Les déclarations se succèdent et se contredisent entre Washington et Téhéran. Alors que le président américain Donald Trump affirme que des discussions sont en cours pour mettre fin au conflit, les autorités militaires iraniennes opposent un démenti catégorique à ces allégations, sur fond de propositions diplomatiques transmises par pays interposés.
Le commandement unifié des forces armées iraniennes a publiquement rejeté l’idée de pourparlers avec les États-Unis. Par la voix de son porte-parole, Ebrahim Zolfaqari, l’état-major a tourné en dérision les affirmations américaines. « Le niveau de votre lutte intestine a-t-il atteint le stade où vous négociez avec vous-même ? », a-t-il déclaré mercredi selon l’agence de presse Fars, ajoutant qu’il ne fallait pas « qualifier un échec d’accord ». Il a également précisé qu’aucun retour à l’ordre régional antérieur ne serait possible tant que la volonté de Téhéran ne serait pas accomplie.
Cette sortie intervient après des déclarations de Donald Trump depuis la Maison Blanche, assurant que Washington s’entretenait avec les « bonnes personnes » en Iran et que ces dernières souhaitaient ardemment un accord. Quelques jours plus tôt, le président américain avait menacé de frapper les centrales électriques iraniennes si le détroit d’Ormuz n’était pas rouvert, avant de suspendre son ultimatum de cinq jours en invoquant des progrès diplomatiques.
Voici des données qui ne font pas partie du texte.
lemma L2norm_triangle:
  assumes f: "L2 p f" and g: "L2 p g"
  shows "L2norm p (\<lambda>x. f x + g x) \<le> L2norm p f + L2norm p g"
proof -
  have fg: "integrable (mu p) (\<lambda>x. cmod (f x) * cmod (g x))"
    using integrable_norm[OF integrable_L2_product[OF f g]] by (simp add: norm_mult)
  have "(L2norm p (\<lambda>x. f x + g x))\<^sup>2
      \<le> (LINT x|mu p. (cmod (f x))\<^sup>2 + 2 * (cmod (f x) * cmod (g x)) + (cmod (g x))\<^sup>2)"
    unfolding L2norm_sq
  proof (rule integral_mono)
    show "integrable (mu p) (\<lambda>x. (cmod (f x))\<^sup>2 + 2 * (cmod (f x) * cmod (g x)) + (cmod (g x))\<^sup>2)"
      using L2_integrable_sq[OF f] L2_integrable_sq[OF g] fg by simp
    show "(cmod (f x + g x))\<^sup>2 \<le> (cmod (f x))\<^sup>2 + 2 * (cmod (f x) * cmod (g x)) + (cmod (g x))\<^sup>2" for x
      using power_mono[OF norm_triangle_ineq[of "f x" "g x"] norm_ge_zero, of 2] by (simp add: power2_sum)
  qed (rule L2_integrable_sq[OF L2_add[OF f g]])
  also have "\<dots> = (L2norm p f)\<^sup>2 + 2 * (LINT x|mu p. cmod (f x) * cmod (g x)) + (L2norm p g)\<^sup>2"
    using L2_integrable_sq[OF f] L2_integrable_sq[OF g] fg by (simp add: L2norm_sq)
  also have "\<dots> \<le> (L2norm p f + L2norm p g)\<^sup>2"
    using L2_Cauchy_Schwarz[OF f g] by (simp add: power2_sum)
  finally show ?thesis
    by (rule power2_le_imp_le) (intro add_nonneg_nonneg L2norm_nonneg)
qed

lemma L2norm_sum_le:
  assumes "finite I" "\<And>i. i \<in> I \<Longrightarrow> L2 p (f i)"
  shows "L2norm p (\<lambda>x. \<Sum>i\<in>I. f i x) \<le> (\<Sum>i\<in>I. L2norm p (f i))"
  using assms
proof (induction I rule: finite_induct)
  case (insert i I)
  then have "L2norm p (\<lambda>x. \<Sum>j\<in>insert i I. f j x) \<le> L2norm p (f i) + L2norm p (\<lambda>x. \<Sum>j\<in>I. f j x)"
    using L2norm_triangle[of "f i" "\<lambda>x. \<Sum>j\<in>I. f j x"] by (simp add: L2_sum)
  then show ?case using insert by simp
qed (simp add: L2norm_def)

lemma L2norm_eq_0_AE:
  assumes f: "L2 p f" and "L2norm p f = 0"
  shows "AE x in mu p. f x = 0"
proof -
  have "(LINT x|mu p. (cmod (f x))\<^sup>2) = 0"
    using L2norm_sq[of f] assms(2) by simp
  then have "AE x in mu p. (cmod (f x))\<^sup>2 = 0"
    using L2_integrable_sq[OF f] by (subst integral_nonneg_eq_0_iff_AE[symmetric]) auto
  then show ?thesis by simp
qed
lemma cone_drawing_crossing:
  assumes sg: "simple_graph V E" and inj: "inj_on f V" and M: "\<And>v. v \<in> V \<Longrightarrow> (f v)\<^sup>2 < M"
    and nc: "noncrossing_order f E"
    and e: "e \<in> join_K1_E V E" and e': "e' \<in> join_K1_E V E" and "e \<noteq> e'"
  shows "convex hull (cone_drawing M f ` e) \<inter> convex hull (cone_drawing M f ` e') \<subseteq>
    cone_drawing M f ` (e \<inter> e')"
proof
  let ?p = "cone_drawing M f"
  fix z assume z: "z \<in> convex hull (?p ` e) \<inter> convex hull (?p ` e')"
  have apex_base: "z \<in> ?p ` (e1 \<inter> e2)"
    if "s \<in> V" "e1 = {None, Some s}" "u \<in> V" "w \<in> V" "e2 = {Some u, Some w}"
      "z \<in> convex hull (?p ` e1)" "z \<in> convex hull (?p ` e2)" for e1 e2 s u w
  proof -
    have "z \<in> closed_segment (Complex 0 (-M)) (parabola (f s))"
      "z \<in> closed_segment (parabola (f u)) (parabola (f w))"
      using that by (simp_all add: segment_convex_hull cone_drawing_def)
    then have "z = parabola (f s)" "f s = f u \<or> f s = f w"
      using apex_segment_meets_chord M[OF that(1)] by blast+
    then have "z = ?p (Some s)" "s = u \<or> s = w"
      using inj that(1,3,4) by (auto simp: cone_drawing_def inj_on_eq_iff)
    then show ?thesis using that(2,5) by auto
  qed
  from sg e show "z \<in> ?p ` (e \<inter> e')"
  proof (cases rule: join_K1_E_cases)
    case (apex s)
    from sg e' show ?thesis
    proof (cases rule: join_K1_E_cases)
      case (apex r)
      then have "s \<noteq> r" using \<open>e \<noteq> e'\<close> \<open>e = {None, Some s}\<close> by auto
      moreover have "z \<in> closed_segment (Complex 0 (-M)) (parabola (f s))"
        "z \<in> closed_segment (Complex 0 (-M)) (parabola (f r))"
        using z \<open>e = {None, Some s}\<close> apex(2) by (simp_all add: segment_convex_hull cone_drawing_def)
      ultimately have "z = ?p None"
        using apex_segments_meet M \<open>s \<in> V\<close> apex(1) inj
          by (auto simp: cone_drawing_def inj_on_eq_iff)
      then show ?thesis using \<open>e = {None, Some s}\<close> apex(2) by auto
    next
      case (base u w)
      then show ?thesis using apex_base[of s e u w e'] \<open>s \<in> V\<close> \<open>e = {None, Some s}\<close> z by blast
    qed
  next
    case (base u w)
    from sg e' show ?thesis
    proof (cases rule: join_K1_E_cases)
      case (apex r)
      then show ?thesis using apex_base[of r e' u w e] base z by (auto simp: Int_commute)
    next
      case base': (base u' w')
      show ?thesis using z \<open>e \<noteq> e'\<close> unfolding base(4) base'(4)
        by (intro cone_drawing_chords_cross[OF sg inj nc base(1-3) base'(1-3)]) auto
    qed
  qed
qed
(* Let $\Gamma=(V,E)$ be a $d$-regular graph on $N$ vertices whose adjacency matrix $A$ has eigenvalues $d=\lambda_1\ge\lambda_2\ge\dots\ge\lambda_N$. Let $M\in\{1,\dots,N-1\}$ with $|\lambda_M|<|\lambda_N|$, and let $U=\mathrm{Span}\{\mathbf{f}\}\oplus\bigoplus_{i>M}\ker(A-\lambda_iI)$. Let $X\subset V$ be an independent set, $\alpha=|X|/N$, and $D=\|\chi_X-P_U(\chi_X)\|_2$. Then $$D^2\le \frac{(1-\alpha)|\lambda_N|-d\alpha}{|\lambda_N|-|\lambda_M|}\,\alpha.$$
   Context: $\mathbf{f}$ is the all-ones vector in $\mathbb{R}^V$, $\chi_X$ the characteristic vector of $X$, and $\mathbb{R}^V$ carries the inner product $\langle x,y\rangle=\frac1{|V|}\sum_{i\in V}x_iy_i$ with norm $\|x\|_2=\sqrt{\langle x,x\rangle}$. $P_U$ denotes orthogonal projection onto $U$. An independent set is a set of vertices with no edges between them. *)

theory Defs
  imports "HOL-Analysis.Analysis" "HOL-Computational_Algebra.Polynomial"
begin

definition simple_graph :: "('n \<Rightarrow> 'n \<Rightarrow> bool) \<Rightarrow> bool" where
  "simple_graph E \<longleftrightarrow> (\<forall>i j. E i j \<longrightarrow> E j i) \<and> (\<forall>i. \<not> E i i)"

definition regular :: "('n::finite \<Rightarrow> 'n \<Rightarrow> bool) \<Rightarrow> nat \<Rightarrow> bool" where
  "regular E d \<longleftrightarrow> (\<forall>i. card {j. E i j} = d)"

definition adj_matrix :: "('n::finite \<Rightarrow> 'n \<Rightarrow> bool) \<Rightarrow> real^'n^'n" where
  "adj_matrix E = (\<chi> i j. if E i j then 1 else 0)"

definition charpoly :: "real^'n^'n \<Rightarrow> real poly" where
  "charpoly A = det (mat [:0, 1:] - (\<chi> i j. [:A $ i $ j:]))"

definition sorted_eigenvalues :: "real^'n^'n \<Rightarrow> (nat \<Rightarrow> real) \<Rightarrow> bool" where
  "sorted_eigenvalues A lam \<longleftrightarrow>
     charpoly A = (\<Prod>i\<in>{1..CARD('n)}. [:- lam i, 1:]) \<and>
     (\<forall>i j. 1 \<le> i \<longrightarrow> i \<le> j \<longrightarrow> j \<le> CARD('n) \<longrightarrow> lam j \<le> lam i)"

definition eigenspace :: "real^'n^'n \<Rightarrow> real \<Rightarrow> (real^'n) set" where
  "eigenspace A \<mu> = {x. A *v x = \<mu> *\<^sub>R x}"

definition ones :: "real^'n" where "ones = (\<chi> i. 1)"

definition charvec :: "'n set \<Rightarrow> real^'n" where
  "charvec X = (\<chi> i. if i \<in> X then 1 else 0)"

definition ip :: "real^'n::finite \<Rightarrow> real^'n \<Rightarrow> real" where
  "ip x y = (1 / real CARD('n)) * (\<Sum>i\<in>UNIV. x $ i * y $ i)"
Selon des informations relayées par la presse américaine, un plan en 15 points aurait été transmis à Téhéran. Ce document exigerait le démantèlement des principaux sites nucléaires iraniens, l’arrêt de l’enrichissement, la suspension du programme de missiles balistiques et la réouverture du détroit d’Ormuz, en échange d’une levée des sanctions et d’une aide au programme nucléaire civil. Le média Al Jazeera, par l’intermédiaire de ses correspondants à Téhéran, rapporte une « confusion totale » sur place. Si les responsables iraniens nient toute négociation directe avec Washington, des échanges diplomatiques sont maintenus avec d’autres pays de la région, notamment le Pakistan, qui aurait servi de relais pour transmettre la proposition américaine.
Sur le terrain, la confrontation militaire se poursuit. L’armée israélienne a mené des frappes nocturnes sur des infrastructures à Téhéran, faisant au moins 12 morts et 28 blessés dans la zone résidentielle de Varamin. En réponse, l’Iran a tiré de nouveaux missiles vers Israël, ciblant des bases et des villes comme Safad, Tel Aviv et Bnei Brak. Ces tirs s’inscrivent dans une séquence continue de frappes iraniennes par missiles balistiques et de ripostes israéliennes.
Parallèlement, les agences Reuters et AP indiquent que les États-Unis s’apprêtent à déployer 1 000 soldats supplémentaires de la 82e division aéroportée au Moyen-Orient, rejoignant les 50 000 militaires déjà présents. « Alors que les États-Unis se préparent à des pourparlers de paix, ils se préparent également à la guerre », résume le correspondant d’Al Jazeera à Washington, soulignant la dualité des actions diplomatiques et militaires en cours.